К ним подошел щекастый молодец с подносом в руках и испуганно выпученными глазами на белом лице.

— Ваш обед… э, мессен, — промямлил он, тщетно пытаясь понять, кто же из незнакомцев — император.

Взгляд слуги был полон растерянности и тревоги.

— Сюда тащи, сюда, — замахал руками Харальд, преспокойно усевшийся на ступеньки тронного возвышения. — Так, что тут у нас? Рябчики в сухарях? Отлично! Запеченная камбала? Тоже неплохо…

Молодец вручил поднос страннику по мирам и поспешно удалился. За ним явился второй, притащивший кувшин вина и несколько золотых чарок.
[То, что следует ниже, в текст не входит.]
lemma sigma_channel_product_state:
  assumes "set bs \<subseteq> B_states"
  shows "superop_apply (2 ^ length bs) (sigma_channel (length bs)) (ket_bra (tensor_vecs bs)) =
    mixed_state (2 ^ length bs)"
  using assms
proof (induction bs)
  case Nil
  have "ket_bra (tensor_vecs []) = 1\<^sub>m 1"
    by (rule eq_matI) (auto simp: tensor_vecs_def ket_bra_def)
  then show ?case
    by (simp add: sigma_channel_0 mixed_state_def)
next
  case (Cons b bs)
  let ?m = "length bs"
  obtain t where b: "b = real_qubit t"
    using Cons.prems by (auto simp: B_states_def)
  have "set bs \<subseteq> carrier_vec 2"
    using Cons.prems B_states_carrier by auto
  then have bs: "ket_bra (tensor_vecs bs) \<in> carrier_mat (2 ^ ?m) (2 ^ ?m)"
    using ket_bra_carrier[of "tensor_vecs bs"] by (simp add: dim_tensor_vecs)
  have "ket_bra (tensor_vecs (b # bs)) = kron_mat (ket_bra b) (ket_bra (tensor_vecs bs))"
    by (simp add: tensor_vecs_def ket_bra_kron_vec)
  then have "superop_apply (2 * 2 ^ ?m) (sigma_channel (Suc ?m)) (ket_bra (tensor_vecs (b # bs))) =
      kron_mat (superop_apply 2 [(1 / 2, sigma0), (1 / 2, sigma2)] (ket_bra b))
        (superop_apply (2 ^ ?m) (sigma_channel ?m) (ket_bra (tensor_vecs bs)))"
    unfolding sigma_channel_Suc
    using is_superop_carrier[OF is_superop_sigma02] is_superop_carrier[OF is_superop_sigma_channel]
      ket_bra_carrier[of b] bs
    by (simp add: b superop_apply_tensor)
  also have "\<dots> = kron_mat (mixed_state 2) (mixed_state (2 ^ ?m))"
    using Cons by (simp only: b sigma02_twirl_real_qubit set_simps insert_subset)
  also have "\<dots> = mixed_state (2 ^ length (b # bs))"
    by (simp add: kron_mixed_state)
  finally show ?case
    by simp
qed
(* Let $A$ be an $m\times m$ coloring matrix, let $m'\ge1$, and let $A'$ be the $(m+m')\times(m+m')$ block matrix $$A'=\left[\begin{array}{c|c}A&0\\\hline \mathbf{1}&I\end{array}\right],$$ where $\mathbf{1}$ is the $m'\times m$ all-ones matrix, $I$ is the $m'\times m'$ identity matrix and the upper right block is zero. Then $$\frac{1}{m'}F_{A'}(x)^2+\left(\frac{m'-2}{m'}F_A(x)-1\right)F_{A'}(x)+\left(F_A(x)-\frac{m'-1}{m'}F_A(x)^2+m'x\right)=0,$$ and consequently $$F_{A'}(x)=\frac{m'-(m'-2)F_A(x)}{2}-\frac{\sqrt{(m'-(m'-2)F_A(x))^2-4(m'F_A(x)-(m'-1)F_A(x)^2+(m')^2x)}}{2}.$$
   Context: A plane tree is an unlabeled rooted tree in which the children of every vertex are linearly ordered. A coloring matrix is a square matrix $A=(a_{ij})$ with entries in $\{0,1\}$. An $A$-coloring of a plane tree assigns to each vertex a color (an index of a row of $A$) such that whenever a vertex of color $j$ is a child of a vertex of color $i$, $a_{ij}=1$. Let $t_A(n)$ be the number of pairs (plane tree with $n$ vertices, $A$-coloring of it), and $F_A(x)=\sum_{n\ge1}t_A(n)x^n$ (formal power series). *)

theory Defs
  imports "HOL-Computational_Algebra.Formal_Power_Series"
begin

text \<open>A pair (plane tree, colouring) is represented as a vertex-coloured plane tree:
  each node carries its colour (a natural number) and an ordered list of children.\<close>
datatype ctree = CNode nat "ctree list"

fun root_color :: "ctree \<Rightarrow> nat" where
  "root_color (CNode c ts) = c"

fun nverts :: "ctree \<Rightarrow> nat" where
  "nverts (CNode c ts) = Suc (sum_list (map nverts ts))"

fun valid_col :: "nat \<Rightarrow> (nat \<Rightarrow> nat \<Rightarrow> bool) \<Rightarrow> ctree \<Rightarrow> bool" where
  "valid_col m A (CNode c ts) =
     (c < m \<and> (\<forall>t\<in>set ts. A c (root_color t) \<and> valid_col m A t))"

definition tA :: "nat \<Rightarrow> (nat \<Rightarrow> nat \<Rightarrow> bool) \<Rightarrow> nat \<Rightarrow> nat" where
  "tA m A n = card {T. nverts T = n \<and> valid_col m A T}"

definition FA :: "nat \<Rightarrow> (nat \<Rightarrow> nat \<Rightarrow> bool) \<Rightarrow> real fps" where
  "FA m A = Abs_fps (\<lambda>n. if n = 0 then 0 else of_nat (tA m A n))"

text \<open>The (m+m') x (m+m') block matrix [A 0; 1 I].\<close>
definition ext_matrix :: "nat \<Rightarrow> (nat \<Rightarrow> nat \<Rightarrow> bool) \<Rightarrow> nat \<Rightarrow> nat \<Rightarrow> bool" where
  "ext_matrix m A i j =
     (if i < m then (j < m \<and> A i j) else (if j < m then True else i = j))"

end

theory Submission
  imports Defs
begin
Тем и другим завладел тар-Готиан, и принялся наполнять посудины с таким видом, точно всю жизнь был виночерпием.

Олен взял свою чарку, понюхал темно-багровый и густой, точно кровь, напиток.

— Помянем тех, кто пал сегодня, — сказал он. — Тех, кто сражался с нами, и тех, кого обманул узурпатор.

Вспомнилась Хельга, ее глаза необычайного фиолетового цвета, пушистые волосы, то, как она улыбалась, сдержанно и с достоинством. Затем всплыл в памяти Гундихар, его смешки и анекдоты, «годморгон» в могучей ручище, и бездонный мешок, где можно было найти все, что угодно, от редких приправ и специй до сушеных крысиных хвостов и дешевых побрякушек…

«Да, гнома мне будет не хватать», — с печалью подумал Рендалл.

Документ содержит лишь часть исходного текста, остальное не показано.